* [WORK REQUEST] Give back, word for word, the lines in the listing below from the one holding "(simp add: fun_eq_iff Imom_grad_def" down to the one holding "(\<Sum>p\<in>UNIV. 2 *", both ends included.

* [DATA FOR PROCESSING]
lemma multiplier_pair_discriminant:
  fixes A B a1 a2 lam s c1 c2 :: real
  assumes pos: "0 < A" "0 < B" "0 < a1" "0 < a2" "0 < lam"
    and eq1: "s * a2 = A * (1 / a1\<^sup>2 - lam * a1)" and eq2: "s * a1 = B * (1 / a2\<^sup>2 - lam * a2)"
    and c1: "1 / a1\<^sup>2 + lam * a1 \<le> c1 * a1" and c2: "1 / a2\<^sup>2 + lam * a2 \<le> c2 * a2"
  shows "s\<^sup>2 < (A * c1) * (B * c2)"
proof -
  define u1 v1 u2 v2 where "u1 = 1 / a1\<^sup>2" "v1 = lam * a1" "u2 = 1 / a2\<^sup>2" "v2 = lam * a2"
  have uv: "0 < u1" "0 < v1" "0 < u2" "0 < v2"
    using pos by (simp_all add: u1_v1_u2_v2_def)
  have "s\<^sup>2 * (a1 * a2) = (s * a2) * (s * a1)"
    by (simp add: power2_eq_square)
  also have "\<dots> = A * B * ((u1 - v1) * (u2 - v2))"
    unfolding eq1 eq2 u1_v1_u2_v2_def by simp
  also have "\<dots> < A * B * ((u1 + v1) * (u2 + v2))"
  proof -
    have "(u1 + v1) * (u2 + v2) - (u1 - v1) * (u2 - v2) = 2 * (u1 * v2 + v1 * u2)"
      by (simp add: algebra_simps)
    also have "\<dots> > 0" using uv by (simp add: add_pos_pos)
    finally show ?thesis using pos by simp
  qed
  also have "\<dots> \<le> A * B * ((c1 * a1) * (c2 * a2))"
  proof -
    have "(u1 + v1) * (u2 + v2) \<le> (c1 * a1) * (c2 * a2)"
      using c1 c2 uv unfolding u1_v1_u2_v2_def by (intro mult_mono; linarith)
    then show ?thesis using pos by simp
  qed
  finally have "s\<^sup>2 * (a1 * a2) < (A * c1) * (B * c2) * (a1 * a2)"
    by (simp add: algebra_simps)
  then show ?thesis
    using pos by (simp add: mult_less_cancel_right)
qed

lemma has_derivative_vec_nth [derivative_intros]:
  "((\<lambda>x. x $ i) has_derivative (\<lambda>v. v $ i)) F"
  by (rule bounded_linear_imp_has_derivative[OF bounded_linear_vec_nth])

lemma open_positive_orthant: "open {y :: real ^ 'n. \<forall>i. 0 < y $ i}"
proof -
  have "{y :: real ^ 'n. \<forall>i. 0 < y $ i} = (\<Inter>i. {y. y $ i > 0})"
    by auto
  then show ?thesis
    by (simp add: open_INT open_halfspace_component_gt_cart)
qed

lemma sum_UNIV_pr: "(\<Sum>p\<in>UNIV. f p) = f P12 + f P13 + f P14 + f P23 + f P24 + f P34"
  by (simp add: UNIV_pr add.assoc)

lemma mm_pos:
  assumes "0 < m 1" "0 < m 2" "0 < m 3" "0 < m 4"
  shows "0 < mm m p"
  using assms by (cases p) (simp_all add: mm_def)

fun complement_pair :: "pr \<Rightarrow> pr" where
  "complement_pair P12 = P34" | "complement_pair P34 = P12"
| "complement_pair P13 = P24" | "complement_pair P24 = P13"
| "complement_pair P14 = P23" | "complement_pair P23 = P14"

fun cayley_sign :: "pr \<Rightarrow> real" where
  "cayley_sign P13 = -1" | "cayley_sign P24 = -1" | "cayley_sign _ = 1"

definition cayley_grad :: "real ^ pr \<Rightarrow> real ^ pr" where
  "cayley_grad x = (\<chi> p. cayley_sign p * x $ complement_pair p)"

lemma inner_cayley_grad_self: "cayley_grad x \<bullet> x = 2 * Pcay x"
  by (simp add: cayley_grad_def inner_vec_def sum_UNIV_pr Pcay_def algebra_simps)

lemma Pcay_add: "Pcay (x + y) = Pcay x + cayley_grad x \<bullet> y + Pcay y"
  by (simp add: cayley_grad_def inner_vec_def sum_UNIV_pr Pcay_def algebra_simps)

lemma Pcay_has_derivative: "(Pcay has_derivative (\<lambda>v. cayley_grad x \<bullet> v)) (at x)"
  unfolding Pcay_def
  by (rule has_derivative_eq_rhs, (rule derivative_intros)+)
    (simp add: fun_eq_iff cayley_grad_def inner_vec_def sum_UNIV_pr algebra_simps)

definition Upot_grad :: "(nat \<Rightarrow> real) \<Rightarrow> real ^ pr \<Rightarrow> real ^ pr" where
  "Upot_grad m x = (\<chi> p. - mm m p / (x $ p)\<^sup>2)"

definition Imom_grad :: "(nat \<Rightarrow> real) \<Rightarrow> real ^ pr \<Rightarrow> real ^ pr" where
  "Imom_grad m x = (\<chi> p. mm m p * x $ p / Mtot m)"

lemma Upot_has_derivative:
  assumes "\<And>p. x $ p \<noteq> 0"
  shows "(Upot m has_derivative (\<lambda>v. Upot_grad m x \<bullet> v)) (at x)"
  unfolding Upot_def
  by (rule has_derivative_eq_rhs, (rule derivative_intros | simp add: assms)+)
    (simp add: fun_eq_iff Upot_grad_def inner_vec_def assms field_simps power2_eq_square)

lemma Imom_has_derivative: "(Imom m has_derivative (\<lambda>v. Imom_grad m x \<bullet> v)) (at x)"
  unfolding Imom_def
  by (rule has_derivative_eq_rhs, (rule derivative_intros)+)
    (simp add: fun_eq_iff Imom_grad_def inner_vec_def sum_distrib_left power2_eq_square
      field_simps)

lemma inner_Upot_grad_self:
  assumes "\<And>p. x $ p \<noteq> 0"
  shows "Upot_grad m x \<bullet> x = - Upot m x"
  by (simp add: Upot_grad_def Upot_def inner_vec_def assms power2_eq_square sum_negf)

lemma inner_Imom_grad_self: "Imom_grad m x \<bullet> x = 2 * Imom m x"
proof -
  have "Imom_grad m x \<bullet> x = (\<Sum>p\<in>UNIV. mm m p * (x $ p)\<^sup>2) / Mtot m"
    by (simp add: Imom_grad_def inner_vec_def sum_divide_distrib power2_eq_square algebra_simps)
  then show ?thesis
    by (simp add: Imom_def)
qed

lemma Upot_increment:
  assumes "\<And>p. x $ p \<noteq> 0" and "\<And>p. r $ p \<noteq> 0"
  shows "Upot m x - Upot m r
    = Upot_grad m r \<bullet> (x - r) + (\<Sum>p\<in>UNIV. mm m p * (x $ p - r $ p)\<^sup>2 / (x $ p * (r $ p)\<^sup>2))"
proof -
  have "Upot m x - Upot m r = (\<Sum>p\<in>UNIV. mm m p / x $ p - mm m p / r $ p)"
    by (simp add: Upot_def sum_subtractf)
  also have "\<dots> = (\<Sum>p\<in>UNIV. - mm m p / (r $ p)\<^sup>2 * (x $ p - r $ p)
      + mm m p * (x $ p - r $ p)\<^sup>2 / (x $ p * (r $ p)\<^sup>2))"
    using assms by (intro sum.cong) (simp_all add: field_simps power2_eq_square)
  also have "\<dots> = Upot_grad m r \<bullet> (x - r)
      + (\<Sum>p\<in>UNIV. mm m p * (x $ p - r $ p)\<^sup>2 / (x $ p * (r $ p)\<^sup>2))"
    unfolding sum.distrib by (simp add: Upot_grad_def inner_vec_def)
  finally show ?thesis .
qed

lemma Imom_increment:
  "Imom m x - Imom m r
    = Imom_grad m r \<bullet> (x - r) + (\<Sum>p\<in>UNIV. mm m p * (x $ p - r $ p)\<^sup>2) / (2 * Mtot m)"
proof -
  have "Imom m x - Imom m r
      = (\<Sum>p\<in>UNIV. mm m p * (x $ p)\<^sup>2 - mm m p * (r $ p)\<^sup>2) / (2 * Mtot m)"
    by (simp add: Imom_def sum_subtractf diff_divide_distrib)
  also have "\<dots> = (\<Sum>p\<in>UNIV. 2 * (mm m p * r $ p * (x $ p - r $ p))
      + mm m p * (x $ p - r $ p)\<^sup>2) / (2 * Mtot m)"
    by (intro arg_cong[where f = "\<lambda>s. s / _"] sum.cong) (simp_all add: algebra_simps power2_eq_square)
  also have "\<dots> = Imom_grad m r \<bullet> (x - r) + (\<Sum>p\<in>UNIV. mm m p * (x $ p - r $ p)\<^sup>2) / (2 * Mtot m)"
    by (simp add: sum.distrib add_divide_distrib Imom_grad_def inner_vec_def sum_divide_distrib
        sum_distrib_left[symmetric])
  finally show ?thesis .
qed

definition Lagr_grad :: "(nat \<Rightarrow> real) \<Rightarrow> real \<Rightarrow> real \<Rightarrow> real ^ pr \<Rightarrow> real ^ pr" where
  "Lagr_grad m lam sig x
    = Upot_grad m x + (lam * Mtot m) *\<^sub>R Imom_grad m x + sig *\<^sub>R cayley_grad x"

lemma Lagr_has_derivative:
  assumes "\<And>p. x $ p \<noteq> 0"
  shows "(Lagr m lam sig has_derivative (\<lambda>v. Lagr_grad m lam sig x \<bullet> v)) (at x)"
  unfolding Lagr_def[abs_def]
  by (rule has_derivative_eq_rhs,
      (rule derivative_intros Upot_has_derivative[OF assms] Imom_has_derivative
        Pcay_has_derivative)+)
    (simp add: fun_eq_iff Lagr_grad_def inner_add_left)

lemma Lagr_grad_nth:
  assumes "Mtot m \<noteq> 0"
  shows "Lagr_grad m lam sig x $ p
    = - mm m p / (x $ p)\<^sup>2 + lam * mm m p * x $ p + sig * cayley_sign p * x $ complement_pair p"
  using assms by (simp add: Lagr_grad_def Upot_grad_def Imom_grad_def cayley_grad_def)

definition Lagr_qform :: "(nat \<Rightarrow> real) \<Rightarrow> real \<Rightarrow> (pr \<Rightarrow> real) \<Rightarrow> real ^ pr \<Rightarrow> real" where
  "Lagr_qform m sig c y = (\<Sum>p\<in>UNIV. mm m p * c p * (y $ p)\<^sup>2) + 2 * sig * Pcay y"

* [TASK RESPONSE]
    (simp add: fun_eq_iff Imom_grad_def inner_vec_def sum_distrib_left power2_eq_square
      field_simps)

lemma inner_Upot_grad_self:
  assumes "\<And>p. x $ p \<noteq> 0"
  shows "Upot_grad m x \<bullet> x = - Upot m x"
  by (simp add: Upot_grad_def Upot_def inner_vec_def assms power2_eq_square sum_negf)

lemma inner_Imom_grad_self: "Imom_grad m x \<bullet> x = 2 * Imom m x"
proof -
  have "Imom_grad m x \<bullet> x = (\<Sum>p\<in>UNIV. mm m p * (x $ p)\<^sup>2) / Mtot m"
    by (simp add: Imom_grad_def inner_vec_def sum_divide_distrib power2_eq_square algebra_simps)
  then show ?thesis
    by (simp add: Imom_def)
qed

lemma Upot_increment:
  assumes "\<And>p. x $ p \<noteq> 0" and "\<And>p. r $ p \<noteq> 0"
  shows "Upot m x - Upot m r
    = Upot_grad m r \<bullet> (x - r) + (\<Sum>p\<in>UNIV. mm m p * (x $ p - r $ p)\<^sup>2 / (x $ p * (r $ p)\<^sup>2))"
proof -
  have "Upot m x - Upot m r = (\<Sum>p\<in>UNIV. mm m p / x $ p - mm m p / r $ p)"
    by (simp add: Upot_def sum_subtractf)
  also have "\<dots> = (\<Sum>p\<in>UNIV. - mm m p / (r $ p)\<^sup>2 * (x $ p - r $ p)
      + mm m p * (x $ p - r $ p)\<^sup>2 / (x $ p * (r $ p)\<^sup>2))"
    using assms by (intro sum.cong) (simp_all add: field_simps power2_eq_square)
  also have "\<dots> = Upot_grad m r \<bullet> (x - r)
      + (\<Sum>p\<in>UNIV. mm m p * (x $ p - r $ p)\<^sup>2 / (x $ p * (r $ p)\<^sup>2))"
    unfolding sum.distrib by (simp add: Upot_grad_def inner_vec_def)
  finally show ?thesis .
qed

lemma Imom_increment:
  "Imom m x - Imom m r
    = Imom_grad m r \<bullet> (x - r) + (\<Sum>p\<in>UNIV. mm m p * (x $ p - r $ p)\<^sup>2) / (2 * Mtot m)"
proof -
  have "Imom m x - Imom m r
      = (\<Sum>p\<in>UNIV. mm m p * (x $ p)\<^sup>2 - mm m p * (r $ p)\<^sup>2) / (2 * Mtot m)"
    by (simp add: Imom_def sum_subtractf diff_divide_distrib)
  also have "\<dots> = (\<Sum>p\<in>UNIV. 2 * (mm m p * r $ p * (x $ p - r $ p))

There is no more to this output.